Today with one tribe (aka social media)… there is nothing but WORRY. We worry if our online presence is sufficient to keep us in the social network of ‘the tribe’. We worry if our life is sufficiently glamorous and fabulous to be acceptable, to gain likes, followers, thumbs up emojis. We worry how many followers we have, worry how many we are gaining, having heart attacks over any follower we lose, we worry who is following us, who isn’t following us, and why we aren’t being followed by him, or her, or them. We are worried how we come across online, how our pages, photos, posts are received, worried if we post too many, too few. We worry about every aspect of life only in reference to how it reflects on us online, how it impacts our perception of how we believe others perceive us, how we are ‘fitting in’ with the online tribe. We worry if we are putting on a good enough show to convince the world that we too should be considered ‘part of the tribe’.

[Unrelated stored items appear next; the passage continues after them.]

lemma cert_bounded_dblG:
  assumes "cert_bounded r p (chordG m) (periodic_id B n) \<kappa>"
  shows "cert_bounded r p (dblG m) (periodic_id B n) (\<lambda>v. \<kappa> (v mod n))"
proof (rule cert_bounded_transfer[OF assms])
  have "card {y. near (chordG m) r (u mod n) y} \<le> card {x. near (dblG m) r u x}"
    if "u \<in> verts (dblG m)" for u
    using card_ball_star_cover[OF dblG_GRAPH star_cover_dblG that] by simp
  moreover have "u mod n \<in> verts (chordG m)" for u using n4 by simp
  ultimately show "\<forall>u\<in>verts (dblG m). \<exists>w\<in>verts (chordG m). \<kappa> (u mod n) = \<kappa> w
      \<and> card {v. near (chordG m) r w v} \<le> card {v. near (dblG m) r u v}"
    by blast
qed (simp_all add: chordG_def dblG_def)

text \<open>Two lifts of the same node k are far apart: the cyclic distance to k, replaced by m minus it
  in the second copy, changes by at most one along an edge but differs by m between the lifts.\<close>

definition cyc_dist :: "nat \<Rightarrow> nat \<Rightarrow> int" where
  "cyc_dist a k = min \<bar>int a - int k\<bar> (int n - \<bar>int a - int k\<bar>)"

definition lift_pos :: "nat \<Rightarrow> nat \<Rightarrow> int" where
  "lift_pos k v = (if v < n then cyc_dist (v mod n) k else int m - cyc_dist (v mod n) k)"
(* Let $f$ be a Hamiltonian stationary torus. The real structure $\rho:\mathrm{Spec}\to\mathrm{Spec}$, $\rho(h)=\bar h$, induces the involutions $\rho:\mathbb C^2\to\mathbb C^2$, $(A,B)\mapsto(A,-B)$, and $\rho:\Gamma^*\to\Gamma^*$, $\delta\mapsto-\delta$ (i.e. $\overline{h^{A,B}}=h^{A,-B}$), so that $\rho(\Gamma^*_{A,B})=\Gamma^*_{A,-B}$, and the lines $\mathcal L$ are compatible with $\rho$, that is $$\rho^*\mathcal L_{A,\delta-B}:=\mathcal L_{A,-(\delta-B)}=\mathcal L_{A,\delta-B}\,j$$ for all $\delta\in\Gamma^*_{A,B}$.
   Context: Identify $\mathbb R^4$ with $\mathbb H$ and $\mathbb C$ with $\mathrm{span}_{\mathbb R}\{1,i\}$; $\langle\cdot,\cdot\rangle$ is the Euclidean inner product on $\mathbb C\cong\mathbb R^2$. $\Gamma\subset\mathbb C$ a lattice, $\Gamma^*$ its dual lattice. A Hamiltonian stationary torus is a $\Gamma$-periodic conformal immersion $f:\mathbb C\to\mathbb H$ with $df=e^{j\beta/2}dz\,g$, $dz=dx+i\,dy$, $g$ nowhere zero, $\beta(z)=2\pi\langle\beta_0,z\rangle$ with $0\ne\beta_0\in\Gamma^*$. Convention $*dz=i\,dz$; left normal $N=e^{j\beta}i$. $\alpha:\mathbb C\to\mathbb H$ is holomorphic if $*d\alpha=N\,d\alpha$; for a homomorphism $h:\Gamma\to\mathbb C_*$, $H^0_h$ denotes holomorphic $\alpha$ with $\alpha(z+\gamma)=\alpha(z)h(\gamma)$; $\mathrm{Spec}=\{h:H^0_h\ne0\}$. $h^{A,B}(\gamma)=e^{2\pi(\langle A,\gamma\rangle-i\langle B,\gamma\rangle)}$; $\Gamma^*_{A,B}=\{\delta\in\Gamma^*+\frac{\beta_0}2:|\delta-B|^2-|A|^2=\frac{|\beta_0|^2}4,\ \langle\delta-B,A\rangle=0\}$; $e_\delta(z)=e^{2\pi i\langle\delta,z\rangle}$; $\lambda_{A,\delta-B}=\frac2{\beta_0}(\delta-iA-B)$. For $\delta\in\Gamma^*_{A,B}$, $\mathcal L_{A,\delta-B}$ is the complex line (right $\mathbb C$-span) in $H^0_{h^{A,B}}$ spanned by the monochromatic holomorphic section $\alpha^{A,B}_\delta=e^{j\beta/2}(1-k\lambda_{A,\delta-B})e_{\delta-B}e^{2\pi\langle A,\cdot\rangle}$. *)

theory Defs
  imports "HOL-Analysis.Analysis"
begin

text \<open>We model the quaternions H as pairs of complex numbers: the pair (a, b)
  represents the quaternion a + j b, where a, b lie in C = span_R{1,i}.
  In this model right multiplication by a complex number c is componentwise,
  and the vector space / norm structure is the Euclidean one of R^4.
  Using j z = conj z j one gets the Hamilton product below.\<close>

type_synonym quat = "complex \<times> complex"
lemma inj_on_residue_colouring:
  assumes "{..<k} \<subseteq> V"
  shows "inj_on (residue_colouring k V) (permutations_of_set {1..k})"
proof (rule inj_onI)
  fix p q
  assume p: "p \<in> permutations_of_set {1..k}" and q: "q \<in> permutations_of_set {1..k}"
    and eq: "residue_colouring k V p = residue_colouring k V q"
  have "p ! i = q ! i" if "i < k" for i
    using fun_cong[OF eq, of i] assms that by (auto simp: residue_colouring_def)
  moreover have "length p = k" "length q = k"
    using p q length_finite_permutations_of_set by fastforce+
  ultimately show "p = q"
    by (simp add: nth_equalityI)
qed

lemma bij_betw_residue_colouring:
  assumes "residue_stacked k V E"
  shows "bij_betw (residue_colouring k V) (permutations_of_set {1..k}) (proper_colourings V E k)"
proof -
  have "{..<k} \<subseteq> V"
    using assms unfolding residue_stacked_def by blast
  then show ?thesis
    unfolding bij_betw_def proper_colourings_residue_stacked[OF assms]
    using inj_on_residue_colouring by blast
qed

lemma image_residue_colouring:
  assumes p: "p \<in> permutations_of_set {1..k}" and "F \<subseteq> V"
    and F: "(\<lambda>v. v mod k) ` F = {..<k} - {c}" and "c < k"
  shows "residue_colouring k V p ` F = {1..k} - {p ! c}"
proof -
  have len: "length p = k" and set: "set p = {1..k}" and dist: "distinct p"
    using p length_finite_permutations_of_set permutations_of_setD by fastforce+
  have "residue_colouring k V p ` F = (!) p ` ((\<lambda>v. v mod k) ` F)"
    using \<open>F \<subseteq> V\<close> by (auto simp: residue_colouring_def image_image)
  also have "\<dots> = (!) p ` {..<k} - {p ! c}"
    unfolding F using \<open>c < k\<close> inj_on_nth[OF dist, of "{..<k}"] len
    by (subst inj_on_image_set_diff) auto
  also have "(!) p ` {..<k} = set p"
    using len by (auto simp: in_set_conv_nth)
  finally show ?thesis
    using set by simp
qed

definition residue_classes :: "nat \<Rightarrow> nat set \<Rightarrow> nat set set" where
  "residue_classes k V = (\<lambda>i. {v \<in> V. v mod k = i}) ` {..<k}"

lemma residue_classes_partition:
  assumes "residue_stacked k V E"
  shows "partition_on V (residue_classes k V) \<and> card (residue_classes k V) = k \<and>
    (\<forall>S\<in>residue_classes k V. independent_set E S)"
proof -
  have k: "0 < k" "{..<k} \<subseteq> V" and E: "\<And>x y. {x, y} \<in> E \<Longrightarrow> x mod k \<noteq> y mod k"
    using assms unfolding residue_stacked_def by auto
  have self: "i \<in> {v \<in> V. v mod k = i}" if "i < k" for i
    using k(2) that by auto
  have "\<Union>(residue_classes k V) = V"
    using k(1) by (auto simp: residue_classes_def)
  moreover have "{} \<notin> residue_classes k V"
    using self unfolding residue_classes_def by blast
  ultimately have "partition_on V (residue_classes k V)"
    by (intro partition_onI) (auto simp: residue_classes_def disjnt_def)
  moreover have "inj_on (\<lambda>i. {v \<in> V. v mod k = i}) {..<k}"
  proof (rule inj_onI)
    fix i j assume "i \<in> {..<k}" "{v \<in> V. v mod k = i} = {v \<in> V. v mod k = j}"
    then show "i = j"
      using self[of i] by auto
  qed
  moreover have "\<forall>S\<in>residue_classes k V. independent_set E S"
    unfolding residue_classes_def independent_set_def by (auto dest: E)
  ultimately show ?thesis
    by (simp add: residue_classes_def card_image)
qed
lemma closure_span_in_ASU:
  assumes m: "bounded_bilinear m" and "jordan_unit m \<in> S"
    and mult: "\<forall>u\<in>S. \<forall>v\<in>S. m u v \<in> span S"
    and assoc: "\<forall>u\<in>S. \<forall>v\<in>S. \<forall>w\<in>S. m (m u v) w = m u (m v w)"
  shows "closure (span S) \<in> ASU m"
proof -
  have bil: "bilinear m"
    unfolding bilinear_def using bounded_bilinear.bounded_linear_left[OF m]
      bounded_bilinear.bounded_linear_right[OF m] bounded_linear.linear by blast
  note cont = bounded_bilinear.continuous_on[OF m]
  let ?D = "closure (span S)"
  have "(\<lambda>z. fst z + snd z) ` (span S \<times> span S) \<subseteq> ?D"
    using closure_subset real_vector.span_add by fastforce
  then have add: "(\<lambda>z. fst z + snd z) ` (?D \<times> ?D) \<subseteq> ?D"
    by (intro image_closure_Times_subset) (auto intro!: continuous_intros)
  have "(\<lambda>v. c *\<^sub>R v) ` span S \<subseteq> ?D" for c
    using closure_subset real_vector.span_scale by fastforce
  then have scale: "(\<lambda>v. c *\<^sub>R v) ` ?D \<subseteq> ?D" for c
    by (intro image_closure_subset) (auto intro!: continuous_intros)
  have "(\<lambda>z. m (fst z) (snd z)) ` (span S \<times> span S) \<subseteq> ?D"
    using closure_subset bilinear_span_closed[OF bil mult] by fastforce
  then have mult_closed: "(\<lambda>z. m (fst z) (snd z)) ` (?D \<times> ?D) \<subseteq> ?D"
    by (intro image_closure_Times_subset) (auto intro!: continuous_intros cont)
  have "(\<lambda>(u, v, w). m (m u v) w - m u (m v w)) ` (span S \<times> (span S \<times> span S)) \<subseteq> {0}"
    using bilinear_span_assoc[OF bil assoc] by auto
  then have "(\<lambda>(u, v, w). m (m u v) w - m u (m v w)) ` (?D \<times> closure (span S \<times> span S)) \<subseteq> {0}"
    by (intro image_closure_Times_subset) (auto simp: case_prod_beta intro!: continuous_intros cont)
  then have assoc_closed: "\<forall>u\<in>?D. \<forall>v\<in>?D. \<forall>w\<in>?D. m (m u v) w = m u (m v w)"
    by (auto simp: closure_Times image_subset_iff)
  have "0 \<in> ?D" using closure_subset real_vector.span_zero by blast
  with add scale have "subspace ?D"
    unfolding subspace_def image_subset_iff by auto
  moreover have "jordan_unit m \<in> ?D"
    using assms(2) closure_subset real_vector.span_base by blast
  ultimately show ?thesis
    using mult_closed assoc_closed unfolding ASU_def image_subset_iff by auto
qed

lemma doubling_recurrence_closed_form:
  fixes g :: "nat \<Rightarrow> 'a::real_vector"
  assumes "g 0 = 0" "\<And>i. i < N \<Longrightarrow> g (Suc i) = d + 2 *\<^sub>R g i" "i \<le> N"
  shows "g i = (2 ^ i - 1) *\<^sub>R d"
  using assms(3)
proof (induction i)
  case (Suc i)
  then have "g (Suc i) = d + 2 *\<^sub>R ((2 ^ i - 1) *\<^sub>R d)" using assms(2) by simp
  also have "\<dots> = (1 + 2 * (2 ^ i - 1)) *\<^sub>R d" by (simp only: scaleR_add_left scaleR_one scaleR_scaleR)
  finally show ?case by (simp add: algebra_simps)
qed (simp add: assms(1))

lemma doubling_recurrence_vanishes:
  fixes g :: "nat \<Rightarrow> 'a::real_vector"
  assumes "g 0 = 0" "g N = 0" "\<And>i. i < N \<Longrightarrow> g (Suc i) = d + 2 *\<^sub>R g i" "i \<le> N"
  shows "g i = 0"
proof (cases "N = 0")
  case False
  have "(1::real) < 2 ^ N" using False by (simp add: one_less_power)
  then have "d = 0"
    using doubling_recurrence_closed_form[OF assms(1,3), of N] assms(2) by simp
  then show ?thesis using doubling_recurrence_closed_form[OF assms(1,3,4)] by simp
qed (use assms in simp)

text \<open>Below, \<open>m p y = y\<close> expresses that \<open>y\<close> lies in the Peirce 1-space of the idempotent \<open>p\<close>.\<close>

locale jordan_algebra =
  fixes m :: "'a::real_vector \<Rightarrow> 'a \<Rightarrow> 'a"
  assumes bilinear: "bilinear m"
    and commute: "m a b = m b a"
    and jordan_identity: "m a (m b (m a a)) = m (m a b) (m a a)"
begin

We have trade in who we are, for who we think we need to be, should be, have to be in order to be socially accepted.
We have traded in our uniqueness, our individuality, our purpose, in exchange for social conformity…
In exchange we have received : anxiety, anger, and depression to the extent that prescription drugs are rendered useless.
My children shared with me recently what the consequences of one tribe and technology raising their peers has resulted in…Xanax (amongst other legal drugs), alcohol, vaping, as well as illegal drugs flowing through the hallways of their high school as teenagers who are unequipped to deal with the challenges of adulthood being thrust upon them early in life, seek ways to survive.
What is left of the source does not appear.